• What you need to do: All lines between the start of the listing below and the line containing "text \<open>Z = C[[t]]", inclusive, must be repeated exactly.

• Information shown:

● ● ● ● ●

(* Let $b,c\in Z^{10}$ with $\sum_i b_i=\sum_i c_i=0$, and assume $t\nmid B_i$ and $t\nmid C_i$ for all odd $i$. Let $l$ be odd such that $t\mid B_l+B_{l+2}$ and $t\nmid B_i+B_{i+2}$ for all odd $i\neq l$, and likewise $t\mid C_l+C_{l+2}$ and $t\nmid C_i+C_{i+2}$ for all odd $i\neq l$ (indices mod $10$). Then $\mathbb{M}(b)\cong\mathbb{M}(c)$ as $B_{5,10}$-modules if and only if $$t\mid (B_{l-2}+B_l)\,C_l\,B_{l+4}\,C_{l+6}-(C_{l-2}+C_l)\,B_l\,C_{l+4}\,B_{l+6}.$$
   Context: Let $Z=\mathbb{C}[[t]]$. Let $\Gamma_{10}$ be the quiver with vertices $0,1,\dots,9$ (indices taken mod $10$) on a cycle and arrows $x_i\colon i-1\to i$, $y_i\colon i\to i-1$ for $i=1,\dots,10$. Let $B_{5,10}$ be the completed path algebra of $\Gamma_{10}$ modulo the closed ideal generated by $xy=yx$ and $x^5=y^5$ at every vertex. For $b=(b_1,\dots,b_{10})\in Z^{10}$ with $\sum_i b_i=0$, the $B_{5,10}$-module $\mathbb{M}(b)$ has $V_i=Z\oplus Z$ at every vertex, and for odd $j$: $x_j=\begin{pmatrix} t& b_j\\ 0&1\end{pmatrix}$, $y_j=\begin{pmatrix} 1&-b_j\\0&t\end{pmatrix}$; for even $j$: $x_j=\begin{pmatrix}1&b_j\\0&t\end{pmatrix}$, $y_j=\begin{pmatrix}t&-b_j\\0&1\end{pmatrix}$. An isomorphism $\mathbb{M}(b)\to\mathbb{M}(c)$ is a family of invertible $Z$-linear maps $\varphi_i\colon Z^2\to Z^2$ commuting with all $x_i$ and $y_i$. For odd $i$ write $B_i=b_i+b_{i+1}$ and $C_i=c_i+c_{i+1}$ (indices mod $10$). *)

theory Defs
  imports "HOL-Analysis.Analysis" "HOL-Computational_Algebra.Formal_Power_Series"
begin

text \<open>Z = C[[t]] is the type complex fps; t is fps_X.
  A Z-linear endomorphism of Z^2 is a 2x2 matrix over Z (acting on column vectors).\<close>

type_synonym Zmat = "complex fps ^ 2 ^ 2"

definition mat2 :: "complex fps \<Rightarrow> complex fps \<Rightarrow> complex fps \<Rightarrow> complex fps \<Rightarrow> Zmat" where
  "mat2 a b c d = vector [vector [a, b], vector [c, d]]"

text \<open>Cyclic indexing: a tuple (b_1,...,b_10) is a function on int, read at
  the representative of j mod 10 in {1..10}.\<close>
definition cyc :: "(int \<Rightarrow> 'a) \<Rightarrow> int \<Rightarrow> 'a" where
  "cyc b j = b (((j - 1) mod 10) + 1)"

definition Bsum :: "(int \<Rightarrow> complex fps) \<Rightarrow> int \<Rightarrow> complex fps" where
  "Bsum b i = cyc b i + cyc b (i + 1)"

text \<open>The arrow maps of M(b): x_j : V_{j-1} -> V_j, y_j : V_j -> V_{j-1}.\<close>
definition xmap :: "(int \<Rightarrow> complex fps) \<Rightarrow> int \<Rightarrow> Zmat" where
  "xmap b j = (if odd j then mat2 fps_X (cyc b j) 0 1 else mat2 1 (cyc b j) 0 fps_X)"

definition ymap :: "(int \<Rightarrow> complex fps) \<Rightarrow> int \<Rightarrow> Zmat" where
  "ymap b j = (if odd j then mat2 1 (- cyc b j) 0 fps_X else mat2 fps_X (- cyc b j) 0 1)"

definition Miso :: "(int \<Rightarrow> complex fps) \<Rightarrow> (int \<Rightarrow> complex fps) \<Rightarrow> bool" where
  "Miso b c \<longleftrightarrow> (\<exists>\<phi> :: int \<Rightarrow> Zmat.
     (\<forall>i \<in> {0..9}. invertible (\<phi> i)) \<and>
     (\<forall>j \<in> {1..10}. \<phi> (j mod 10) ** xmap b j = xmap c j ** \<phi> (j - 1) \<and>
                     \<phi> (j - 1) ** ymap b j = ymap c j ** \<phi> (j mod 10)))"

end

theory Submission
  imports Defs
begin

(* Comparing entries in \<phi>_j x_j = x_j \<phi>_{j-1} along the two arrows between consecutive even
   vertices shows that the (2,1) entries at the odd vertices are all one series \<rho>, and that
   modulo t the diagonal of \<phi>_{2k} moves by the partial sums S_k = B_1 + B_3 + ... + B_{2k-1}
   and T_k = C_1 + C_3 + ... + C_{2k-1}.  The (1,2) entries can be solved for precisely when
   p S_k = T_k (u - r S_k) for all k, where p, u are the constant terms of the diagonal of \<phi>_0
   and r that of \<rho>; conversely such data lift to an isomorphism.  So M(b) and M(c) are
   isomorphic iff one Moebius transformation z \<mapsto> p z / (u - r z) fixing 0 sends every S_k
   to T_k.  Rotating the quiver by l - 1 steps we may take l = 1; then S_2 = T_2 = 0 mod t, the
   point pairs (S_1, T_1) and (S_3, T_3) determine the transformation, and the condition at
   (S_4, T_4) is the stated divisibility. *)

lemma fps_X_mult_fps_shift_1:
  fixes f :: "'a::comm_ring_1 fps"
  assumes "fps_nth f 0 = 0"
  shows "fps_X * fps_shift 1 f = f"
  by (rule fps_ext) (use assms in auto)

lemma fps_X_dvd_iff: "fps_X dvd f \<longleftrightarrow> fps_nth (f :: 'a::comm_ring_1 fps) 0 = 0"
  by (metis dvdE dvdI fps_X_mult_fps_shift_1 fps_X_mult_nth)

● ● ● ● ●

• Final answer:
(* Let $b,c\in Z^{10}$ with $\sum_i b_i=\sum_i c_i=0$, and assume $t\nmid B_i$ and $t\nmid C_i$ for all odd $i$. Let $l$ be odd such that $t\mid B_l+B_{l+2}$ and $t\nmid B_i+B_{i+2}$ for all odd $i\neq l$, and likewise $t\mid C_l+C_{l+2}$ and $t\nmid C_i+C_{i+2}$ for all odd $i\neq l$ (indices mod $10$). Then $\mathbb{M}(b)\cong\mathbb{M}(c)$ as $B_{5,10}$-modules if and only if $$t\mid (B_{l-2}+B_l)\,C_l\,B_{l+4}\,C_{l+6}-(C_{l-2}+C_l)\,B_l\,C_{l+4}\,B_{l+6}.$$
   Context: Let $Z=\mathbb{C}[[t]]$. Let $\Gamma_{10}$ be the quiver with vertices $0,1,\dots,9$ (indices taken mod $10$) on a cycle and arrows $x_i\colon i-1\to i$, $y_i\colon i\to i-1$ for $i=1,\dots,10$. Let $B_{5,10}$ be the completed path algebra of $\Gamma_{10}$ modulo the closed ideal generated by $xy=yx$ and $x^5=y^5$ at every vertex. For $b=(b_1,\dots,b_{10})\in Z^{10}$ with $\sum_i b_i=0$, the $B_{5,10}$-module $\mathbb{M}(b)$ has $V_i=Z\oplus Z$ at every vertex, and for odd $j$: $x_j=\begin{pmatrix} t& b_j\\ 0&1\end{pmatrix}$, $y_j=\begin{pmatrix} 1&-b_j\\0&t\end{pmatrix}$; for even $j$: $x_j=\begin{pmatrix}1&b_j\\0&t\end{pmatrix}$, $y_j=\begin{pmatrix}t&-b_j\\0&1\end{pmatrix}$. An isomorphism $\mathbb{M}(b)\to\mathbb{M}(c)$ is a family of invertible $Z$-linear maps $\varphi_i\colon Z^2\to Z^2$ commuting with all $x_i$ and $y_i$. For odd $i$ write $B_i=b_i+b_{i+1}$ and $C_i=c_i+c_{i+1}$ (indices mod $10$). *)

theory Defs
  imports "HOL-Analysis.Analysis" "HOL-Computational_Algebra.Formal_Power_Series"
begin

text \<open>Z = C[[t]] is the type complex fps; t is fps_X.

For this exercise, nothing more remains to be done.